CME Group has announced changes to the way it calculates the fixing prices for 13 of its dollar-based FX option contracts.
Currently CME calculates the fixing rate using three trades across its platforms in the one minute prior to 9am CT on a weighted basis. This is being increased to 20 trades from April 19, thanks to the broader and more substantive market data available.
The fixing is used by CME to determine whether or not expiring options contracts are in-the-money. The exchange’s clearing house automatically expires all in-the-money options and abandons those out-of-the-money, however FX markets often gyrate towards large expiries, meaning plenty of contracts hover on the cusp of being in- or out-of-the money at the 9amCT expiry.

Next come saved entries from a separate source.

lemma card_maximal_chain:
  assumes "x \<in> \<Gamma>" "is_maximal_chain (closed_interval \<Gamma> s x) C"
  shows "card C = Suc (rk \<Gamma> s x)"
proof -
  define C0 where "C0 = (SOME C. is_maximal_chain (closed_interval \<Gamma> s x) C)"
  have C0: "is_maximal_chain (closed_interval \<Gamma> s x) C0"
    unfolding C0_def using maximal_chain_exists[OF finite_closed_interval] by (rule someI_ex) blast
  have "card C = card C0" using ranked assms C0 unfolding finite_ranked_poset_def by blast
  moreover have "x \<in> C0"
    by (rule maximal_chain_mem[OF C0]) (use assms(1) bottom_le in \<open>auto simp: closed_interval_def\<close>)
  then have "card C0 \<noteq> 0"
    using finite_maximal_chain[OF finite_closed_interval C0] by auto
  ultimately show ?thesis unfolding rk_def C0_def by simp
qed

lemma maximal_chain_Un:
  assumes a: "a \<in> \<Gamma>" and ab: "a \<le> b"
    and C: "is_maximal_chain (closed_interval \<Gamma> s a) C"
    and D: "is_maximal_chain (closed_interval \<Gamma> a b) D"
  shows "is_maximal_chain (closed_interval \<Gamma> s b) (C \<union> D)" "C \<inter> D = {a}"
proof -
  have aC: "a \<in> C"
    by (rule maximal_chain_mem[OF C]) (use a bottom_le in \<open>auto simp: closed_interval_def\<close>)
  have aD: "a \<in> D"
    by (rule maximal_chain_mem[OF D]) (use a ab in \<open>auto simp: closed_interval_def\<close>)
  have Cs: "C \<subseteq> closed_interval \<Gamma> s a" and Cc: "\<forall>x\<in>C. \<forall>y\<in>C. x \<le> y \<or> y \<le> x"
    using C unfolding is_maximal_chain_def is_chain_def by auto
  have Ds: "D \<subseteq> closed_interval \<Gamma> a b" and Dc: "\<forall>x\<in>D. \<forall>y\<in>D. x \<le> y \<or> y \<le> x"
    using D unfolding is_maximal_chain_def is_chain_def by auto
  have below: "x \<le> y" if "x \<in> C" "y \<in> D" for x y
    using that Cs Ds by (auto simp: closed_interval_def intro: order_trans)
  have "C \<union> D \<subseteq> closed_interval \<Gamma> s b"
    using Cs Ds ab bottom_le by (auto simp: closed_interval_def intro: order_trans)
  then have chain: "is_chain (closed_interval \<Gamma> s b) (C \<union> D)"
    using Cc Dc below unfolding is_chain_def by blast
  have "E \<subseteq> C \<union> D" if E: "is_chain (closed_interval \<Gamma> s b) E" "C \<union> D \<subseteq> E" for E
  proof
    fix e assume e: "e \<in> E"
    have Es: "E \<subseteq> closed_interval \<Gamma> s b" and Ec: "\<forall>x\<in>E. \<forall>y\<in>E. x \<le> y \<or> y \<le> x"
      using E(1) unfolding is_chain_def by auto
    have "e \<le> a \<or> a \<le> e" using Ec e aC E(2) by blast
    then show "e \<in> C \<union> D"
    proof
      assume "e \<le> a"
      then have "is_chain (closed_interval \<Gamma> s a) (insert e C)"
        using Cs Cc Ec Es e E(2) by (auto simp: is_chain_def closed_interval_def)
      then show ?thesis using maximal_chain_insert[OF C] by blast
    next
      assume "a \<le> e"
      then have "is_chain (closed_interval \<Gamma> a b) (insert e D)"
        using Ds Dc Ec Es e E(2) by (auto simp: is_chain_def closed_interval_def)
      then show ?thesis using maximal_chain_insert[OF D] by blast
    qed
  qed
  then show "is_maximal_chain (closed_interval \<Gamma> s b) (C \<union> D)"
    using chain unfolding is_maximal_chain_def by blast
  show "C \<inter> D = {a}"
    using aC aD Cs Ds by (auto simp: closed_interval_def intro: order.antisym)
qed

lemma card_maximal_chain_interval:
  assumes a: "a \<in> \<Gamma>" and b: "b \<in> \<Gamma>" and ab: "a \<le> b"
    and D: "is_maximal_chain (closed_interval \<Gamma> a b) D"
  shows "card D + rk \<Gamma> s a = Suc (rk \<Gamma> s b)"
proof -
  obtain C where C: "is_maximal_chain (closed_interval \<Gamma> s a) C"
    using maximal_chain_exists[OF finite_closed_interval] by blast
  have "card C + card D = card (C \<union> D) + card (C \<inter> D)"
    by (rule card_Un_Int[OF finite_maximal_chain[OF finite_closed_interval C]
          finite_maximal_chain[OF finite_closed_interval D]])
  moreover have "card (C \<inter> D) = 1" using maximal_chain_Un(2)[OF a ab C D] by simp
  moreover have "card (C \<union> D) = Suc (rk \<Gamma> s b)"
    using card_maximal_chain[OF b maximal_chain_Un(1)[OF a ab C D]] .
  moreover have "card C = Suc (rk \<Gamma> s a)" using card_maximal_chain[OF a C] .
  ultimately show ?thesis by linarith
qed

lemma rk_bottom: "rk \<Gamma> s s = 0"
proof -
  have "is_maximal_chain (closed_interval \<Gamma> s s) {s}"
    using bottom_mem by (auto simp: is_maximal_chain_def is_chain_def closed_interval_def)
  then have "card {s} = Suc (rk \<Gamma> s s)" by (rule card_maximal_chain[OF bottom_mem])
  then show ?thesis by simp
qed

The latest move means CME has reinforced the market data it uses to calculate the rate used to decide whether options are to be expired or abandoned, thus, theoretically at least, making it harder for any participant to manipulate the fixing rate as has been alleged in other processes such as the Vix contract expiry.
If 20 trades are not observable in the 60-second window, CME will take the midpoint of each bid and ask spread where available and average the resulting midpoints to calculate the fix, and if no trades are executed in the window, CME staff will calculate a synthetic futures price from quote vendor spot rates and the appropriate maturity forward points.
The currencies subject to the changes are all against the dollar, they are; GBP, CAD, JPY, CHF, AUD, MXN, NZD, ZAR. EUR, CZK, HUF, PLN and ILS.